Klein se leva tranquillement, pressa son haut-de-forme contre sa poitrine et s’inclina légèrement.
– « Merci pour votre aide. »
Les muscles du visage de Bilt se contractèrent quelque peu comme s’il se retenait de parler, comme s’il avait quelque chose à dire, mais ne parvenait pas à le faire à voix haute.
Finalement, il prit une profonde inspiration et sourit :
– « Je crois que nous pouvons espérer un agréable partenariat. »
Klein sentait bien que quelque chose n’était pas normal dans l’attitude de Bilt et de Sothoth, mais il réprima sa perplexité et ne posa pas de question.

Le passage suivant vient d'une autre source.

theorem lemma2p6:
  fixes N :: nat and R \<delta> p q \<beta> K0 K1 \<alpha> \<alpha>1 :: real
    and f g g1 K K' :: "real \<Rightarrow> real"
    and v :: "real \<Rightarrow> real \<Rightarrow> real"
  assumes N: "N > 2" and R: "R > 0" and \<delta>: "0 < \<delta>" "\<delta> < 2"
    and f_odd: "\<forall>u. u \<noteq> 0 \<longrightarrow> f (- u) = - f u"
    and f_lip: "loc_lipschitz_on (- {0}) f"
    and H1: "p > 1" "\<exists>U. \<forall>u. \<bar>u\<bar> \<ge> U \<longrightarrow> f u = \<bar>u\<bar> powr (p - 1) * u + g u"
      "((\<lambda>u. \<bar>g u\<bar> / \<bar>u\<bar> powr p) \<longlongrightarrow> 0) at_top"
    and H2: "0 < q" "q < 1" "loc_lipschitz_on UNIV g1" "g1 0 = 0"
      "\<exists>\<epsilon>>0. \<forall>u. 0 < \<bar>u\<bar> \<and> \<bar>u\<bar> < \<epsilon> \<longrightarrow> f u = - 1 / (\<bar>u\<bar> powr (q - 1) * u) + g1 u"
    and H3: "\<beta> > 0" "f \<beta> = 0" "\<forall>u>0. f u = 0 \<longrightarrow> u = \<beta>"
      "\<forall>u. 0 < u \<and> u < \<beta> \<longrightarrow> f u < 0" "\<forall>u>\<beta>. f u > 0"
    and K_pos: "\<forall>r\<ge>R. K r > 0"
    and K_deriv: "\<forall>r\<ge>R. (K has_real_derivative K' r) (at r within {R..})"
    and K_cont: "continuous_on {R..} K" and K'_cont: "continuous_on {R..} K'"
    and H4: "\<forall>r\<ge>R. r * K' r / K r > - 2 * (real N - 1)"
      "K0 > 0" "K1 > 0"
      "real N + q * (real N - 2) < \<alpha>1" "\<alpha>1 \<le> \<alpha>" "\<alpha> < 2 * (real N - 1)"
      "\<forall>r\<ge>R. K0 * r powr (- \<alpha>) \<le> K r \<and> K r \<le> K1 * r powr (- \<alpha>1)"
    and sol: "\<forall>a>0. solves_Pa N R \<delta> K f a (v a)"
  shows "\<exists>A>0. \<exists>M :: real \<Rightarrow> real.
           (\<forall>a>A. first_local_max (R powr (2 - real N)) (v a) (M a))
         \<and> (M \<longlongrightarrow> 0) at_top
         \<and> filterlim (\<lambda>a. v a (M a)) at_top at_top"
proof -
  obtain C1 e1 h0 where h: "0 \<le> C1" "q - 1 < e1" "0 < h0"
    and h_bounds: "\<forall>s\<in>{0<..R powr (2 - real N)}.
      0 < hfun N K s \<and> hfun N K s \<le> C1 * s powr e1 \<and> h0 \<le> hfun N K s"
    using hfun_weight_bounds[OF N R K_pos H4(7,2,3,4,6)] by blast
  have f_cont: "continuous_on {0<..} f"
    using loc_lipschitz_on_imp_continuous_on[OF f_lip] by (rule continuous_on_subset) auto
  have "isCont g1 0"
    using loc_lipschitz_on_imp_continuous_on[OF H2(3)] by (simp add: continuous_on_eq_continuous_at)
  obtain Cf C2 U where Cf: "0 \<le> Cf" "\<And>u. 0 < u \<Longrightarrow> - Cf * u powr (- q) \<le> f u"
    and C2: "0 \<le> C2" "\<And>u. 0 < u \<Longrightarrow> f u \<le> C2 + 2 * u powr p"
    and U: "\<And>u. U \<le> u \<Longrightarrow> u powr p / 2 \<le> f u"
    using nonlinearity_bounds[OF f_cont H2(1) H3(1) \<open>isCont g1 0\<close> H1(2,3) H2(5) H3(4,5)] by metis
  interpret weighted_problem "R powr (2 - real N)" \<delta> p q \<beta> C1 e1 h0 Cf C2 U "hfun N K" f
    using R \<delta>(1) H1(1) H2(1) H3(1,5) h h_bounds Cf C2 U by unfold_locales auto
  show ?thesis
    using first_local_max_asymptotics solves_Pa_integral_solution sol R \<delta>(1) by blast
qed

Je ne peux pas leur demander, cela causerait des problèmes… Je dois me concentrer sur la digestion de ma potion…
Le jeune homme se dirigea vers la porte et tourna la poignée.
– « M. Gehrman ! », dit soudain Bilt.
Le coin de la bouche de Klein tressaillit et il se retourna calmement.
« Rien ? Haha, je veux dire qu’en tant que membre de l’association, vous pouvez boire pour moins cher ici », ajouta le patron avec un sourire forcé.
Vous pensiez donc que j’allais poser des questions ? Tsss…
Le jeune homme acquiesça doucement, ouvrit la porte et sortit.
Voyant son dos disparaître, Bilt resta deux secondes bouche bée, puis poussa un long soupir.